В голосе Петтифера из трубки междугородного телефона я слышу одиночество шпиона. Одна его половина жалуется, другая довольна. Он сравнивает свое существование со скалолазанием, которое он обожает.
– А над тобой в темноте нависшая одна чертова скала. Одно мгновение ты гордишься, что ты добрался сюда в одиночку. Минутой спустя ты полжизни отдал бы за еще пару блоков на веревке. А бывают случаи, когда хочется просто вынуть нож, протянуть руку, к чертовой матери перерезать веревку и навеки уснуть.
Дни шли, и мои самые интересные – и самые поучительные – часы проходили в беседах с моими мюридами.
Иногда безо всякого смущения они начинали молиться при мне после того, как помолились в уединении. Обычно они приходили в мою комнату в своих шапочках, садились и, отвернувшись от меня в сторону и закрыв глаза, начинали перебирать четки.
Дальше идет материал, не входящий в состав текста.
(* In a node-weighted MFQST with Steiner point cost $c>0$, every edge $e$ satisfies $|e|\le\sqrt{2c/f(e)}$, where $f(e)$ is the flow on $e$.
   Context: Let $Z=\{z_1,\dots,z_n\}\subset\mathbb{R}^2$ ($n\ge 1$) be a set of sources and $z_{BS}\in\mathbb{R}^2\setminus Z$ a sink; each source has supply $1$. A flow-dependent quadratic Steiner tree (FQST) consists of a finite set $S\subset\mathbb{R}^2$ of Steiner points and a tree $T$ with vertex set $Z\cup S\cup\{z_{BS}\}$ whose edges are directed towards $z_{BS}$. Every node other than the sink has exactly one out-edge, and the sink has none. Each edge $e$ carries a positive flow $f(e)$ such that: - at each source, the flow on its out-edge minus the total flow on its in-edges equals $1$; - at each Steiner point, the out-flow equals the total in-flow; - the sink receives total flow $n$. The cost is $L(T)=\sum_{e\in E(T)} f(e)|e|^2$. For a fixed $c>0$, a node-weighted MFQST is an FQST minimising $L_c(T)=L(T)+c|S|$ over all FQSTs (any finite $S$, any topology). *)

theory Defs
  imports "HOL-Analysis.Analysis"
begin

text \<open>Points of the plane are vectors of type real^2.  A flow-dependent quadratic
Steiner tree (FQST) for sources Z and sink zBS is given by a finite set S of
Steiner points, a successor map p (the unique out-edge of a non-sink node v is
the directed edge from v to p v) and a flow map f (f v is the flow on the
out-edge of v).  The edge set is the set of pairs (v, p v) for v a non-sink node.\<close>

definition children :: "(real^2) set \<Rightarrow> real^2 \<Rightarrow> (real^2 \<Rightarrow> real^2) \<Rightarrow> real^2 \<Rightarrow> (real^2) set" where
  "children V zBS p w = {u \<in> V - {zBS}. p u = w}"

definition is_FQST ::
  "(real^2) set \<Rightarrow> real^2 \<Rightarrow> (real^2) set \<Rightarrow> (real^2 \<Rightarrow> real^2) \<Rightarrow> (real^2 \<Rightarrow> real) \<Rightarrow> bool" where
  "is_FQST Z zBS S p f \<longleftrightarrow>
     (let V = Z \<union> S \<union> {zBS} in
       finite S \<and> S \<inter> (Z \<union> {zBS}) = {} \<and>
       (\<forall>v \<in> V - {zBS}. p v \<in> V) \<and>
       (\<forall>v \<in> V. \<exists>k. (p ^^ k) v = zBS) \<and>
       (\<forall>v \<in> V - {zBS}. f v > 0) \<and>
       (\<forall>z \<in> Z. f z - (\<Sum>u \<in> children V zBS p z. f u) = 1) \<and>
       (\<forall>s \<in> S. f s = (\<Sum>u \<in> children V zBS p s. f u)) \<and>
       (\<Sum>u \<in> children V zBS p zBS. f u) = real (card Z))"

definition FQST_cost ::
  "(real^2) set \<Rightarrow> real^2 \<Rightarrow> (real^2) set \<Rightarrow> (real^2 \<Rightarrow> real^2) \<Rightarrow> (real^2 \<Rightarrow> real) \<Rightarrow> real" where
  "FQST_cost Z zBS S p f = (\<Sum>v \<in> (Z \<union> S \<union> {zBS}) - {zBS}. f v * (dist v (p v))\<^sup>2)"

definition node_weighted_cost ::
  "real \<Rightarrow> (real^2) set \<Rightarrow> real^2 \<Rightarrow> (real^2) set \<Rightarrow> (real^2 \<Rightarrow> real^2) \<Rightarrow> (real^2 \<Rightarrow> real) \<Rightarrow> real" where
  "node_weighted_cost c Z zBS S p f = FQST_cost Z zBS S p f + c * real (card S)"

definition is_node_weighted_MFQST ::
  "real \<Rightarrow> (real^2) set \<Rightarrow> real^2 \<Rightarrow> (real^2) set \<Rightarrow> (real^2 \<Rightarrow> real^2) \<Rightarrow> (real^2 \<Rightarrow> real) \<Rightarrow> bool" where
  "is_node_weighted_MFQST c Z zBS S p f \<longleftrightarrow>
     is_FQST Z zBS S p f \<and>
     (\<forall>S' p' f'. is_FQST Z zBS S' p' f' \<longrightarrow>
        node_weighted_cost c Z zBS S p f \<le> node_weighted_cost c Z zBS S' p' f')"

end

theory Submission
  imports Defs
begin

(* Let (v, w) be an edge of a minimal tree, w = p v, carrying flow f v.
   Subdividing this edge by a fresh Steiner point s (not yet a node) yields again an
   FQST: v now points to s, s points to w and carries the flow f v, all other data
   are unchanged.  Its node-weighted cost exceeds the original one by
   f v (|v s|^2 + |s w|^2 - |v w|^2) + c, so minimality gives
   f v |v w|^2 <= f v (|v s|^2 + |s w|^2) + c  for every point s off the tree.
   By the median identity |v s|^2 + |s w|^2 = |v w|^2/2 + 2 |s m|^2 (m the midpoint),
   and since points off a finite set come arbitrarily close to m, we get
   f v |v w|^2 / 2 <= c, i.e. |v w| <= sqrt (2 c / f v). *)

lemma median_identity:
  fixes a b x :: "'a::real_inner"
  shows "(dist a x)\<^sup>2 + (dist x b)\<^sup>2 = (dist a b)\<^sup>2 / 2 + 2 * (dist x (midpoint a b))\<^sup>2"
  unfolding dist_norm power2_norm_eq_inner midpoint_def
  by (simp add: inner_add inner_diff inner_commute field_simps)

text \<open>This is where the plane's continuum of points is used.\<close>

lemma short_edge_if_subdivision_not_cheaper:
  fixes v w :: "'a::{real_inner, perfect_space}" and V :: "'a set" and \<phi> c :: real
  assumes "finite V" and "\<phi> > 0" and "c \<ge> 0"
    and no_gain: "\<And>s. s \<notin> V \<Longrightarrow> \<phi> * (dist v w)\<^sup>2 \<le> \<phi> * ((dist v s)\<^sup>2 + (dist s w)\<^sup>2) + c"
  shows "dist v w \<le> sqrt (2 * c / \<phi>)"
proof -
  define m where "m = midpoint v w"
  have "m islimpt (UNIV - V)"
    using islimpt_Un_finite[OF \<open>finite V\<close>, of m "UNIV - V"] by simp
  then have near_m: "\<exists>s. s \<notin> V \<and> dist s m < r" if "r > 0" for r
    using that by (auto simp: islimpt_approachable)
  have "\<phi> * (dist v w)\<^sup>2 / 2 \<le> c + \<epsilon>" if "\<epsilon> > 0" for \<epsilon>
  proof -
    obtain s where "s \<notin> V" and s_near: "dist s m < sqrt (\<epsilon> / (2 * \<phi>))"
      using near_m[of "sqrt (\<epsilon> / (2 * \<phi>))"] \<open>\<epsilon> > 0\<close> \<open>\<phi> > 0\<close> by auto
    have "(dist s m)\<^sup>2 < (sqrt (\<epsilon> / (2 * \<phi>)))\<^sup>2"
      using s_near by (simp add: power_strict_mono)
    then have "(dist s m)\<^sup>2 < \<epsilon> / (2 * \<phi>)"
      using \<open>\<epsilon> > 0\<close> \<open>\<phi> > 0\<close> by simp
    then have "\<phi> * (2 * (dist s m)\<^sup>2) < \<epsilon>"
      using \<open>\<phi> > 0\<close> by (simp add: field_simps)
    moreover have "\<phi> * (dist v w)\<^sup>2 \<le> \<phi> * ((dist v w)\<^sup>2 / 2 + 2 * (dist s m)\<^sup>2) + c"
      using no_gain[OF \<open>s \<notin> V\<close>] median_identity[of v s w] by (simp add: m_def)
    ultimately show ?thesis by (simp add: algebra_simps)
  qed
  then have "\<phi> * (dist v w)\<^sup>2 / 2 \<le> c"
    by (rule field_le_epsilon)
  then have "(dist v w)\<^sup>2 \<le> 2 * c / \<phi>"
    using \<open>\<phi> > 0\<close> by (simp add: field_simps)
  then show ?thesis
    by (rule real_le_rsqrt)
qed

text \<open>Every node that reached the sink still does: each step
  of the old path is simulated by one new step, or by two (via s) when leaving v.\<close>

lemma reaches_sink_after_subdivision:
  assumes closed: "\<forall>u \<in> V - {zBS}. p u \<in> V"
    and "s \<notin> V" and "v \<in> V"
    and "u \<in> V" and "(p ^^ k) u = zBS"
  shows "\<exists>k'. (p(v := s, s := p v) ^^ k') u = zBS"
  using assms(4,5)
proof (induction k arbitrary: u)
  case 0
  then show ?case by (metis funpow_0)
next
  case (Suc k)
  let ?q = "p(v := s, s := p v)"
  show ?case
  proof (cases "u = zBS")
    case True
    then show ?thesis by (metis funpow_0)
  next
    case False
    have "p u \<in> V" and "(p ^^ k) (p u) = zBS"
      using closed Suc.prems False by (auto simp: funpow_Suc_right simp del: funpow.simps)
    then obtain k' where k': "(?q ^^ k') (p u) = zBS"
      using Suc.IH by blast
    have "u \<noteq> s" and "s \<noteq> v"
      using Suc.prems \<open>s \<notin> V\<close> \<open>v \<in> V\<close> by auto
    then have "(?q ^^ (if u = v then 2 else 1)) u = p u"
      by (simp add: numeral_2_eq_2)
    then have "(?q ^^ (k' + (if u = v then 2 else 1))) u = zBS"
      by (simp add: funpow_add k')
    then show ?thesis by blast
  qed
qed

lemma children_after_subdivision:
  assumes "\<forall>u \<in> V - {zBS}. p u \<in> V"
    and "s \<notin> V" and "v \<in> V" and "v \<noteq> zBS" and "s \<noteq> zBS"
  shows "children (insert s V) zBS (p(v := s, s := p v)) s = {v}"
    and "x \<noteq> s \<Longrightarrow> children (insert s V) zBS (p(v := s, s := p v)) x
           = (\<lambda>u. if u = v then s else u) ` children V zBS p x"
  using assms by (auto simp: children_def image_iff)

lemma inflow_after_subdivision:
  assumes "\<forall>u \<in> V - {zBS}. p u \<in> V"
    and "s \<notin> V" and "v \<in> V" and "v \<noteq> zBS" and "s \<noteq> zBS" and "x \<noteq> s"
  shows "(\<Sum>u \<in> children (insert s V) zBS (p(v := s, s := p v)) x. (f(s := f v)) u)
         = (\<Sum>u \<in> children V zBS p x. f u)"
proof -
  let ?g = "\<lambda>u. if u = v then s else u"
  have "inj_on ?g (children V zBS p x)"
    using \<open>s \<notin> V\<close> by (auto simp: inj_on_def children_def)
  moreover have "(f(s := f v)) (?g u) = f u" if "u \<in> children V zBS p x" for u
    using that \<open>s \<notin> V\<close> by (auto simp: children_def)
  ultimately show ?thesis
    using children_after_subdivision(2)[OF assms] by (simp add: sum.reindex_cong)
qed

lemma subdivision_is_FQST:
  assumes tree: "is_FQST Z zBS S p f"
    and v: "v \<in> (Z \<union> S \<union> {zBS}) - {zBS}" and s: "s \<notin> Z \<union> S \<union> {zBS}"
  shows "is_FQST Z zBS (insert s S) (p(v := s, s := p v)) (f(s := f v))"
proof -
  define V where "V = Z \<union> S \<union> {zBS}"
  let ?q = "p(v := s, s := p v)" and ?f = "f(s := f v)"
  have finS: "finite S" and disj: "S \<inter> (Z \<union> {zBS}) = {}"
    and closed: "\<forall>u \<in> V - {zBS}. p u \<in> V"
    and reach: "\<forall>u \<in> V. \<exists>k. (p ^^ k) u = zBS" and fpos: "\<forall>u \<in> V - {zBS}. f u > 0"
    and fZ: "\<forall>z \<in> Z. f z - (\<Sum>u \<in> children V zBS p z. f u) = 1"
    and fS: "\<forall>x \<in> S. f x = (\<Sum>u \<in> children V zBS p x. f u)"
    and fB: "(\<Sum>u \<in> children V zBS p zBS. f u) = real (card Z)"
    using tree unfolding is_FQST_def Let_def V_def by auto
  have "s \<notin> V" "v \<in> V" "v \<noteq> zBS" "s \<noteq> zBS" "s \<noteq> v" "p v \<in> V"
    using v s closed by (auto simp: V_def)
  note inflow = inflow_after_subdivision[OF closed \<open>s \<notin> V\<close> \<open>v \<in> V\<close> \<open>v \<noteq> zBS\<close> \<open>s \<noteq> zBS\<close>, where f = f]
  have V': "Z \<union> insert s S \<union> {zBS} = insert s V"
    by (auto simp: V_def)
  have "\<forall>u \<in> insert s V - {zBS}. ?q u \<in> insert s V"
    using closed \<open>p v \<in> V\<close> by auto
  moreover have "\<forall>u \<in> insert s V. \<exists>k. (?q ^^ k) u = zBS"
  proof
    fix u assume "u \<in> insert s V"
    have old: "\<exists>k. (?q ^^ k) x = zBS" if "x \<in> V" for x
      using reach reaches_sink_after_subdivision[OF closed \<open>s \<notin> V\<close> \<open>v \<in> V\<close> that] that by blast
    show "\<exists>k. (?q ^^ k) u = zBS"
    proof (cases "u = s")
      case True
      obtain k where "(?q ^^ k) (p v) = zBS"
        using old[OF \<open>p v \<in> V\<close>] by blast
      then have "(?q ^^ Suc k) u = zBS"
        using True by (simp add: funpow_Suc_right del: funpow.simps)
      then show ?thesis by blast
    next
      case False
      then show ?thesis using \<open>u \<in> insert s V\<close> old by blast
    qed
  qed
  moreover have "\<forall>u \<in> insert s V - {zBS}. ?f u > 0"
    using fpos \<open>v \<in> V\<close> \<open>v \<noteq> zBS\<close> by auto
  moreover have "\<forall>z \<in> Z. ?f z - (\<Sum>u \<in> children (insert s V) zBS ?q z. ?f u) = 1"
    using fZ inflow s by auto
  moreover have "\<forall>x \<in> insert s S. ?f x = (\<Sum>u \<in> children (insert s V) zBS ?q x. ?f u)"
    using fS inflow s \<open>s \<noteq> v\<close>
      children_after_subdivision(1)[OF closed \<open>s \<notin> V\<close> \<open>v \<in> V\<close> \<open>v \<noteq> zBS\<close> \<open>s \<noteq> zBS\<close>]
    by auto
  moreover have "(\<Sum>u \<in> children (insert s V) zBS ?q zBS. ?f u) = real (card Z)"
    using fB inflow \<open>s \<noteq> zBS\<close> by auto
  ultimately show ?thesis
    using finS disj s unfolding is_FQST_def Let_def V' by (auto simp: V_def)
qed

lemma subdivision_cost:
  assumes "finite Z" and "finite S"
    and v: "v \<in> (Z \<union> S \<union> {zBS}) - {zBS}" and s: "s \<notin> Z \<union> S \<union> {zBS}"
  shows "node_weighted_cost c Z zBS (insert s S) (p(v := s, s := p v)) (f(s := f v))
         = node_weighted_cost c Z zBS S p f
           + f v * ((dist v s)\<^sup>2 + (dist s (p v))\<^sup>2 - (dist v (p v))\<^sup>2) + c"
proof -
  define E where "E = Z \<union> S \<union> {zBS} - {zBS}"
  let ?q = "p(v := s, s := p v)" and ?f = "f(s := f v)"
  let ?term = "\<lambda>q g u. g u * (dist u (q u))\<^sup>2"
  have "finite E" and "v \<in> E" and "s \<notin> E" and "s \<noteq> v"
    using assms by (auto simp: E_def)
  have E': "Z \<union> insert s S \<union> {zBS} - {zBS} = insert s E"
    using s by (auto simp: E_def)
  have rest: "(\<Sum>u \<in> E - {v}. ?term ?q ?f u) = (\<Sum>u \<in> E - {v}. ?term p f u)"
    using \<open>s \<notin> E\<close> by (intro sum.cong) auto
  have "FQST_cost Z zBS (insert s S) ?q ?f = ?term ?q ?f s + (\<Sum>u \<in> E. ?term ?q ?f u)"
    unfolding FQST_cost_def E' by (rule sum.insert[OF \<open>finite E\<close> \<open>s \<notin> E\<close>])
  also have "\<dots> = ?term ?q ?f s + ?term ?q ?f v + (\<Sum>u \<in> E - {v}. ?term ?q ?f u)"
    using sum.remove[OF \<open>finite E\<close> \<open>v \<in> E\<close>, of "?term ?q ?f"] by simp
  also have "\<dots> = f v * (dist s (p v))\<^sup>2 + f v * (dist v s)\<^sup>2 + (\<Sum>u \<in> E - {v}. ?term p f u)"
    using \<open>s \<noteq> v\<close> rest by simp
  finally have new: "FQST_cost Z zBS (insert s S) ?q ?f
      = f v * (dist s (p v))\<^sup>2 + f v * (dist v s)\<^sup>2 + (\<Sum>u \<in> E - {v}. ?term p f u)" .
  have old: "FQST_cost Z zBS S p f = f v * (dist v (p v))\<^sup>2 + (\<Sum>u \<in> E - {v}. ?term p f u)"
    unfolding FQST_cost_def E_def[symmetric] using sum.remove[OF \<open>finite E\<close> \<open>v \<in> E\<close>] by simp
  have "card (insert s S) = card S + 1"
    using \<open>finite S\<close> s by simp
  then show ?thesis
    unfolding node_weighted_cost_def new old by (simp add: algebra_simps)
qed

theorem mainTheorem14:
  fixes Z S :: "(real^2) set" and zBS :: "real^2" and p :: "real^2 \<Rightarrow> real^2"
    and f :: "real^2 \<Rightarrow> real" and c :: real
  assumes "finite Z" and "Z \<noteq> {}" and "zBS \<notin> Z" and "c > 0"
    and "is_node_weighted_MFQST c Z zBS S p f"
    and "v \<in> (Z \<union> S \<union> {zBS}) - {zBS}"
  shows "dist v (p v) \<le> sqrt (2 * c / f v)"
proof -
  have tree: "is_FQST Z zBS S p f"
    and optimal: "\<And>S' p' f'. is_FQST Z zBS S' p' f' \<Longrightarrow>
                    node_weighted_cost c Z zBS S p f \<le> node_weighted_cost c Z zBS S' p' f'"
    using assms(5) unfolding is_node_weighted_MFQST_def by auto
  have "finite S" and "f v > 0"
    using tree assms(6) unfolding is_FQST_def Let_def by auto
  have "f v * (dist v (p v))\<^sup>2 \<le> f v * ((dist v s)\<^sup>2 + (dist s (p v))\<^sup>2) + c"
    if "s \<notin> Z \<union> S \<union> {zBS}" for s
    using optimal[OF subdivision_is_FQST[OF tree assms(6) that]]
      subdivision_cost[OF \<open>finite Z\<close> \<open>finite S\<close> assms(6) that, of c p f]
    by (simp add: algebra_simps)
  then show ?thesis
    using short_edge_if_subdivision_not_cheaper[of "Z \<union> S \<union> {zBS}" "f v" c v "p v"]
      \<open>finite Z\<close> \<open>finite S\<close> \<open>f v > 0\<close> \<open>c > 0\<close> by auto
qed

end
Мюрид, объяснили они, никогда не берет пальцами бусину четок, не произнося имя Божие. А поскольку у Бога девяносто девять имен, бусин тоже девяносто девять, и упомянуть Бога надо как минимум девяносто девять раз. Однако некоторые суфийские секты – они имели в виду свою собственную – требуют, чтобы четки были перебраны много раз. Перед тем, как пройти посвящение, мюрид должен многократно доказать свою верность. Иерархия мюридов сложна и децентрализована. Каждое селение делится на несколько кварталов, и в каждом квартале имеется свой небольшой кружок, возглавляемый тургком, или руководителем кружка, который подчинен тамаде, который в свою очередь подчиняется векилю, или заместителю шейха… Слушая их, я испытывал сострадание к несчастным офицерам русской разведки, получавшим невыполнимое задание проникнуть в их организацию. Пять раз в день мои мюриды исполняли обязательные молитвы, стоя на коленях на ковриках, которые они хранили в своей комнатушке. Молитвы, которые они совершали в моем присутствии, были дополнительными молитвами, посвященными отдельным святым и особым случаям.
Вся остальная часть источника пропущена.